+++ Given records +++

(* Given any $M, K\in\mathbb{N}$ there exists a constant $0<c_{M,K}<1/2$ with the following property. For every $0<\epsilon<c_{M,K}$ there exists $C_{M,K}(\epsilon)>0$ such that for any collection $I_1,\dots,I_K$ of finite open intervals with associated rectangle $R := \prod_{j=1}^K I_j$ one has \[ \int_{R\setminus R^\epsilon}|p(x)|\,\mathrm{d}x \le C_{M,K}(\epsilon)\int_{R^\epsilon}|p(x)|\,\mathrm{d}x \] for every real polynomial $p$ of degree at most $M$ in $x=(x_1,\dots,x_K)$. Moreover, $\lim_{\epsilon\to0}C_{M,K}(\epsilon)=0$ for fixed $M,K$.
   Context: For $0<\epsilon<1/2$, the $\epsilon$-truncation of a finite open interval $I=(a,b)$ is $I^\epsilon := (a+\epsilon(b-a),\, b-\epsilon(b-a))$, and the $\epsilon$-truncation of $R=\prod_{j=1}^K I_j$ is $R^\epsilon := \prod_{j=1}^K I_j^\epsilon$. *)

theory Defs
  imports "HOL-Analysis.Analysis"
begin

definition poly_deg_le :: "nat \<Rightarrow> (real^'n \<Rightarrow> real) \<Rightarrow> bool" where
  "poly_deg_le M p \<longleftrightarrow>
     (\<exists>c :: ('n \<Rightarrow> nat) \<Rightarrow> real.
        p = (\<lambda>x. \<Sum>\<alpha>\<in>{\<alpha>. (\<Sum>i\<in>UNIV. \<alpha> i) \<le> M}. c \<alpha> * (\<Prod>i\<in>UNIV. (x$i) ^ (\<alpha> i))))"

definition rect :: "real^'n \<Rightarrow> real^'n \<Rightarrow> (real^'n) set" where
  "rect a b = box a b"

definition rect_trunc :: "real \<Rightarrow> real^'n \<Rightarrow> real^'n \<Rightarrow> (real^'n) set" where
  "rect_trunc eps a b = box (a + eps *\<^sub>R (b - a)) (b - eps *\<^sub>R (b - a))"

end

theory Submission
  imports Defs "HOL-Computational_Algebra.Polynomial"
begin

text \<open>On the finite-dimensional space of polynomials of degree at most \<open>M\<close>, the \<open>\<ell>\<^sup>1\<close> norm of
  the coefficients and the \<open>L\<^sup>1\<close> norm on the cube \<open>[1/4, 3/4]\<^sup>K\<close> are equivalent, because a
  polynomial vanishing on an open set has zero coefficients. The coefficient norm bounds
  \<open>|p|\<close> on the unit cube, so after mapping a rectangle \<open>R\<close> affinely onto the unit cube,
  \<open>sup\<^sub>R |p| \<le> D |R|\<^sup>-\<^sup>1 \<integral>\<^bsub>R\<^sup>1\<^sup>/\<^sup>4\<^esub> |p|\<close>. For \<open>\<epsilon> < 1/4\<close> the truncation \<open>R\<^sup>\<epsilon>\<close> contains \<open>R\<^sup>1\<^sup>/\<^sup>4\<close>, and
  the shell \<open>R - R\<^sup>\<epsilon>\<close> has volume \<open>(1 - (1 - 2\<epsilon>)\<^sup>K) |R|\<close>, so one may take
  \<open>C(\<epsilon>) = D (1 - (1 - 2\<epsilon>)\<^sup>K)\<close>.\<close>

hide_const (open) Polynomial.content

definition multi_indices :: "nat \<Rightarrow> ('n::finite \<Rightarrow> nat) set" where
  "multi_indices M = {\<alpha>. (\<Sum>i\<in>UNIV. \<alpha> i) \<le> M}"

definition cart_monomial :: "('n::finite \<Rightarrow> nat) \<Rightarrow> real^'n \<Rightarrow> real" where
  "cart_monomial \<alpha> x = (\<Prod>i\<in>UNIV. (x$i) ^ (\<alpha> i))"

definition cart_poly :: "nat \<Rightarrow> (('n::finite \<Rightarrow> nat) \<Rightarrow> real) \<Rightarrow> real^'n \<Rightarrow> real" where
  "cart_poly M c x = (\<Sum>\<alpha>\<in>multi_indices M. c \<alpha> * cart_monomial \<alpha> x)"

lemma poly_deg_le_iff_cart_poly: "poly_deg_le M p \<longleftrightarrow> (\<exists>c. p = cart_poly M c)"
  by (simp add: poly_deg_le_def cart_poly_def multi_indices_def cart_monomial_def fun_eq_iff)

lemma multi_indices_le: "\<alpha> \<in> multi_indices M \<Longrightarrow> \<alpha> i \<le> M"
  unfolding multi_indices_def using member_le_sum[of i UNIV \<alpha>] by auto

lemma finite_multi_indices: "finite (multi_indices M :: ('n::finite \<Rightarrow> nat) set)"
proof (rule finite_subset)
  show "multi_indices M \<subseteq> PiE UNIV (\<lambda>_::'n. {..M})"
    using multi_indices_le by (auto simp: PiE_def Pi_def)
qed (intro finite_PiE; simp)

lemma continuous_on_cart_poly [continuous_intros]: "continuous_on S (cart_poly M c)"
  unfolding cart_poly_def cart_monomial_def by (intro continuous_intros)

subsection \<open>Polynomials vanishing on an open set\<close>

lemma cart_poly_on_line:
  "\<exists>Q. \<forall>t. poly Q t = cart_poly M c (x0 + t *\<^sub>R (x - x0))"
proof
  show "\<forall>t. poly (\<Sum>\<alpha>\<in>multi_indices M. smult (c \<alpha>) (\<Prod>i\<in>UNIV. [:x0$i, x$i - x0$i:] ^ \<alpha> i)) t
           = cart_poly M c (x0 + t *\<^sub>R (x - x0))"
    by (simp add: cart_poly_def cart_monomial_def poly_sum poly_prod algebra_simps)
qed

lemma cart_poly_vanishing_on_ball_imp_zero:
  assumes "d > 0" and zero: "\<And>y. y \<in> ball x0 d \<Longrightarrow> cart_poly M c y = 0"
  shows "cart_poly M c x = 0"
proof -
  obtain Q where Q: "\<And>t. poly Q t = cart_poly M c (x0 + t *\<^sub>R (x - x0))"
    using cart_poly_on_line by blast
  define r where "r = d / (norm (x - x0) + 1)"
  have "r > 0" using \<open>d > 0\<close> by (simp add: r_def add_nonneg_pos)
  have "{0<..<r} \<subseteq> {t. poly Q t = 0}"
  proof
    fix t assume t: "t \<in> {0<..<r}"
    have "norm (t *\<^sub>R (x - x0)) \<le> t * (norm (x - x0) + 1)"
      using t by simp
    also have "\<dots> < d"
      using t \<open>d > 0\<close> by (simp add: r_def pos_less_divide_eq add_nonneg_pos)
    finally show "t \<in> {t. poly Q t = 0}"
      using zero[of "x0 + t *\<^sub>R (x - x0)"] by (simp add: Q dist_norm)
  qed
  then have "infinite {t. poly Q t = 0}"
    using \<open>r > 0\<close> infinite_Ioo finite_subset by blast
  then have "Q = 0" using poly_roots_finite by blast
  then show ?thesis using Q[of 1] by simp
qed

lemma sum_low_digits_less:
  fixes idx :: "'n::finite \<Rightarrow> nat"
  assumes "inj idx" and "\<And>i. \<alpha> i \<le> M"
  shows "(\<Sum>i | idx i < m. \<alpha> i * Suc M ^ idx i) < Suc M ^ m"
proof -
  have geom: "M * (\<Sum>k<n. Suc M ^ k) + 1 = Suc M ^ n" for n
    by (induction n) (auto simp: algebra_simps)
  have "(\<Sum>i | idx i < m. \<alpha> i * Suc M ^ idx i) \<le> M * (\<Sum>i | idx i < m. Suc M ^ idx i)"
    using assms(2) by (auto simp: sum_distrib_left intro!: sum_mono)
  also have "(\<Sum>i | idx i < m. Suc M ^ idx i) = (\<Sum>k\<in>idx ` {i. idx i < m}. Suc M ^ k)"
    using \<open>inj idx\<close> by (simp add: sum.reindex inj_on_def inj_def)
  also have "(\<Sum>k\<in>idx ` {i. idx i < m}. Suc M ^ k) \<le> (\<Sum>k<m. Suc M ^ k)"
    by (intro sum_mono2) auto
  finally have "(\<Sum>i | idx i < m. \<alpha> i * Suc M ^ idx i) \<le> M * (\<Sum>k<m. Suc M ^ k)"
    by (simp add: mult_le_mono2)
  then show ?thesis
    using geom[of m] by linarith
qed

+++

§ **What the exercise asks**
Run a filter over the data above and keep each line that contains the word "finally".

§ **Solution**
    finally show "t \<in> {t. poly Q t = 0}"
  finally have "(\<Sum>i | idx i < m. \<alpha> i * Suc M ^ idx i) \<le> M * (\<Sum>k<m. Suc M ^ k)"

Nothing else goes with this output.